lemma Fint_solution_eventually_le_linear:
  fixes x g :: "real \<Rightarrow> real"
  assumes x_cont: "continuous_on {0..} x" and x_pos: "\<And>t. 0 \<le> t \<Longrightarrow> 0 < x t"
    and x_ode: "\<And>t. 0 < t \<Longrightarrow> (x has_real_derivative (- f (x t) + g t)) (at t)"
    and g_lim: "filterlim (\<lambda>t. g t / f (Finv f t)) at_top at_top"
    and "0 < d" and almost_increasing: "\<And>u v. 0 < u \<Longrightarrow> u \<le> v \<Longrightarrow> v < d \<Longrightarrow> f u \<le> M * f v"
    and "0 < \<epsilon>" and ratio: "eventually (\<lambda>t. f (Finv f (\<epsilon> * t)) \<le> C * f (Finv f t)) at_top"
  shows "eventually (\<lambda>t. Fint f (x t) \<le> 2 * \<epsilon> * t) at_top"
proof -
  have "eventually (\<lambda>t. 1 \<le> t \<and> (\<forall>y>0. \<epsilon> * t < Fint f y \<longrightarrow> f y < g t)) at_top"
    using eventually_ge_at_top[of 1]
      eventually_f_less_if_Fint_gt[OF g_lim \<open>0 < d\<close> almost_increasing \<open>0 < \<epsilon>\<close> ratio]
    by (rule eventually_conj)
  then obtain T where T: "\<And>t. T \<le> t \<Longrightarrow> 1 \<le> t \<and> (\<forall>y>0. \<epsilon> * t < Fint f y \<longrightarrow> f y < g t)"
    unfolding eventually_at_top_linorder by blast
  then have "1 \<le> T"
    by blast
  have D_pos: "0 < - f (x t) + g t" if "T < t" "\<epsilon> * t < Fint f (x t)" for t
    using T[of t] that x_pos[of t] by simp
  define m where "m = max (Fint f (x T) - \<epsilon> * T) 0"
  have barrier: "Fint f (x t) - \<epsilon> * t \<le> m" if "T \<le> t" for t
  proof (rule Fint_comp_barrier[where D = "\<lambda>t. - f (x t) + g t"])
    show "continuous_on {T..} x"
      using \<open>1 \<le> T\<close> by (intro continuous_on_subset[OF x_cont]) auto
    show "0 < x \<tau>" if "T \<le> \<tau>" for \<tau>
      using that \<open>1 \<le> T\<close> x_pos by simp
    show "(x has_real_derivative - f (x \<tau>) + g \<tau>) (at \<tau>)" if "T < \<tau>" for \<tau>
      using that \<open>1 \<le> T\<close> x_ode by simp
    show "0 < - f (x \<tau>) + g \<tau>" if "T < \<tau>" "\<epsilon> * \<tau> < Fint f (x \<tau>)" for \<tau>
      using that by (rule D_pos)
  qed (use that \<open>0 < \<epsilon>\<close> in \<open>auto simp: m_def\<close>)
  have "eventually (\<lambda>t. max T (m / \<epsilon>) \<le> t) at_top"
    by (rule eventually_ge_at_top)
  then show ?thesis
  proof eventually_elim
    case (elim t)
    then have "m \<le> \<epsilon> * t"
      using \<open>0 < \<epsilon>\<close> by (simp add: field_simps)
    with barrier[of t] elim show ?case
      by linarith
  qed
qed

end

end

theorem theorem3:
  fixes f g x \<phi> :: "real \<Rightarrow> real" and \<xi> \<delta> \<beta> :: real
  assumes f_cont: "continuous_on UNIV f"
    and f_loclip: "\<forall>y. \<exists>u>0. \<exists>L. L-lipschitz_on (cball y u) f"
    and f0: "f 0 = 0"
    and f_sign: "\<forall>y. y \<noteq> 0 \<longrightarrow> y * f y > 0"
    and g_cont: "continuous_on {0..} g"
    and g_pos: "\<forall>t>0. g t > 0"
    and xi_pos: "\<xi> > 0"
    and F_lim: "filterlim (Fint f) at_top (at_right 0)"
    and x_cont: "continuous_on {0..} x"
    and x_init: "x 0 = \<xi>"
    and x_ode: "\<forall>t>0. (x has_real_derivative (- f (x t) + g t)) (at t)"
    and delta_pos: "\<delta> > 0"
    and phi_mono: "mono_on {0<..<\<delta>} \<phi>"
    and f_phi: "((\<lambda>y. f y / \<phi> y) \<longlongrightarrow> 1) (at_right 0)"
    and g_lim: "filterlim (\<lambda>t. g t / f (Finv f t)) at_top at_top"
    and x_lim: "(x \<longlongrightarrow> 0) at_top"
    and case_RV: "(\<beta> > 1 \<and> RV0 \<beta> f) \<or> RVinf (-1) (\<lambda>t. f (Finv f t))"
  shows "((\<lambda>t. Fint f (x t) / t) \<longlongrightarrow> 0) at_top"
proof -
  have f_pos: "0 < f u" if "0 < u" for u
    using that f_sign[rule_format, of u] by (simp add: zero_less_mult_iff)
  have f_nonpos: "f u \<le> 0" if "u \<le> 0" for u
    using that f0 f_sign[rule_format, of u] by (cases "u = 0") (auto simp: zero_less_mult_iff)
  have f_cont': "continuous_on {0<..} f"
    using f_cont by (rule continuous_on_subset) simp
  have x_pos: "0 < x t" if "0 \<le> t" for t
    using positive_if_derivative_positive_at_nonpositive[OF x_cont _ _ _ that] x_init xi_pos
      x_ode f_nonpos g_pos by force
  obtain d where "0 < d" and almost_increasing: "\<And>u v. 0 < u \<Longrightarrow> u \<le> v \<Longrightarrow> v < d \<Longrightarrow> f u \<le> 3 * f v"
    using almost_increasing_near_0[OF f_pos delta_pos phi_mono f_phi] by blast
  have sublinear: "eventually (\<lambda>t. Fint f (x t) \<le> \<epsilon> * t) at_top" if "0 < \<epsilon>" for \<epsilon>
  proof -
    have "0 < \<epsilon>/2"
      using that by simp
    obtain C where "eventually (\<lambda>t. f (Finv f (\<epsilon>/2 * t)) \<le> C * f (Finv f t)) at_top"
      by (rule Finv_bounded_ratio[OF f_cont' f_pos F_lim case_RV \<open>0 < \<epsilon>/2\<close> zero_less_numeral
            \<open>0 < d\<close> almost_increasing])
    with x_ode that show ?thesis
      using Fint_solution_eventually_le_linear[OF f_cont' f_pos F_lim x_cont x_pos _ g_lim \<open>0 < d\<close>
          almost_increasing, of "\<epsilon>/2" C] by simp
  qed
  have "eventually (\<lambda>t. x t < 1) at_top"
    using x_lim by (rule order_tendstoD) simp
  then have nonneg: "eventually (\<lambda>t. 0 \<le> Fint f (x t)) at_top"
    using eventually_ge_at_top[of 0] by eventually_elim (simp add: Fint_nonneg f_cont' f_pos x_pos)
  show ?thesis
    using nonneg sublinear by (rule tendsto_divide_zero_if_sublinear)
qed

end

= WHAT YOU SHOULD DO =
Restate the entries above word for word, beginning with their first line and ending with the line holding "< t \<Longrightarrow>"; omit everything else.

= THE ANSWER =
lemma Fint_solution_eventually_le_linear:
  fixes x g :: "real \<Rightarrow> real"
  assumes x_cont: "continuous_on {0..} x" and x_pos: "\<And>t. 0 \<le> t \<Longrightarrow> 0 < x t"
    and x_ode: "\<And>t. 0 < t \<Longrightarrow> (x has_real_derivative (- f (x t) + g t)) (at t)"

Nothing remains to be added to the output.